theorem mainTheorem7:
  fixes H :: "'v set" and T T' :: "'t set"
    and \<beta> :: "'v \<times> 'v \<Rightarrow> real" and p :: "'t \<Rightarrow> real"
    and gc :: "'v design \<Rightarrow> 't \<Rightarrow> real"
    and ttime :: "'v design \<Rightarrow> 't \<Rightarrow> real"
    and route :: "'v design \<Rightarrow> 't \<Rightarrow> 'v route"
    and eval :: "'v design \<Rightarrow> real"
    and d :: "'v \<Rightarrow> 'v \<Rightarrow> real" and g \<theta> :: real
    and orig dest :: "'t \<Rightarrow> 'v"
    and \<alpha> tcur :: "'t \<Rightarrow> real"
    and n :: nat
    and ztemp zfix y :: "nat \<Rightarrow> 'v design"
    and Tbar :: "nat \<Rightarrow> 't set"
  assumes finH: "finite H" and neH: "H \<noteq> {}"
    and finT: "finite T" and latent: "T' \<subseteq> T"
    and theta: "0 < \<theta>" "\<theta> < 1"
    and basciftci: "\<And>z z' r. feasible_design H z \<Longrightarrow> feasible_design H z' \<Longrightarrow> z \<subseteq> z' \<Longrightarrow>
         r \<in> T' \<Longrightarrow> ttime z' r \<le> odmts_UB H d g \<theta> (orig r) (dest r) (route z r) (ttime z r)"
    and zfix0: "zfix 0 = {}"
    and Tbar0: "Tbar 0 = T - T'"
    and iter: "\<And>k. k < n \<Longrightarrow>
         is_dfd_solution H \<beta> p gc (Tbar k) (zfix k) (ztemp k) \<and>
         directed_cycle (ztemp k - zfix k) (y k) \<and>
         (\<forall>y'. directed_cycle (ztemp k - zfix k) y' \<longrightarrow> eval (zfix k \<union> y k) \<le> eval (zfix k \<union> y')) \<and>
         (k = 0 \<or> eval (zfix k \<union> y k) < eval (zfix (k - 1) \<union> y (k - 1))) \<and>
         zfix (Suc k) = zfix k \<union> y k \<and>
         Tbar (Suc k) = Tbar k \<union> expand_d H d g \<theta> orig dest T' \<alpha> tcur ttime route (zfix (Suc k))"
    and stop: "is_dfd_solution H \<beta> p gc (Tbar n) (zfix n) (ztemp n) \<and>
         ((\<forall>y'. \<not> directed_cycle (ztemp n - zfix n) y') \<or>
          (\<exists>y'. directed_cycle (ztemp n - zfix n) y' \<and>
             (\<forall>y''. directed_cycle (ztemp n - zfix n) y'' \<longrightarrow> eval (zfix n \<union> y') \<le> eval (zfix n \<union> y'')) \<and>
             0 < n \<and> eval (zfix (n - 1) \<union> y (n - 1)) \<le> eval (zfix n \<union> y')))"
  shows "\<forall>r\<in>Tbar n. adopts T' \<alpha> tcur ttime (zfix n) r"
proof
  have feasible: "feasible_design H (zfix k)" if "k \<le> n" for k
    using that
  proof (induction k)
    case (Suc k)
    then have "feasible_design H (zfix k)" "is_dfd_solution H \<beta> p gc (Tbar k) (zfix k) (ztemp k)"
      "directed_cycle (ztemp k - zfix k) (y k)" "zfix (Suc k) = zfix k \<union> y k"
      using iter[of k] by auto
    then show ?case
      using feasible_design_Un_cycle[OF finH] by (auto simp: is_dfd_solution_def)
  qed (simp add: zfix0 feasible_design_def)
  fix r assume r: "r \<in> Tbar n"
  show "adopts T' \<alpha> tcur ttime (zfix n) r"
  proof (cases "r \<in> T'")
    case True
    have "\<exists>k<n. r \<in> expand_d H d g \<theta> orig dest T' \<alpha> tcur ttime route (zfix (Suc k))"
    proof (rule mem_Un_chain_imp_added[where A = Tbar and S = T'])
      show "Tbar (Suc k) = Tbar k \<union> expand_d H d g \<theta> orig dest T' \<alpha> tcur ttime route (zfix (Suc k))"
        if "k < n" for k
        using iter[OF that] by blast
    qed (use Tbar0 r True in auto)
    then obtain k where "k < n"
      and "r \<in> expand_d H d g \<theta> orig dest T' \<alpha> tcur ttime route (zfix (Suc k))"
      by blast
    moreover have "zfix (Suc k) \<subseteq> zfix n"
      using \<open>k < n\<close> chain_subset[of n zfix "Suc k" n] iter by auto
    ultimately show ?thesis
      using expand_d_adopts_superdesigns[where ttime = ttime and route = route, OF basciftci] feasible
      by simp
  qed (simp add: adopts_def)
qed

_WHAT YOU NEED TO DO_. Copy out each line carrying the string "eval" from the data.

_EXPECTED OUTPUT_.
    and eval :: "'v design \<Rightarrow> real"
         (\<forall>y'. directed_cycle (ztemp k - zfix k) y' \<longrightarrow> eval (zfix k \<union> y k) \<le> eval (zfix k \<union> y')) \<and>
         (k = 0 \<or> eval (zfix k \<union> y k) < eval (zfix (k - 1) \<union> y (k - 1))) \<and>
             (\<forall>y''. directed_cycle (ztemp n - zfix n) y'' \<longrightarrow> eval (zfix n \<union> y') \<le> eval (zfix n \<union> y'')) \<and>
             0 < n \<and> eval (zfix (n - 1) \<union> y (n - 1)) \<le> eval (zfix n \<union> y')))"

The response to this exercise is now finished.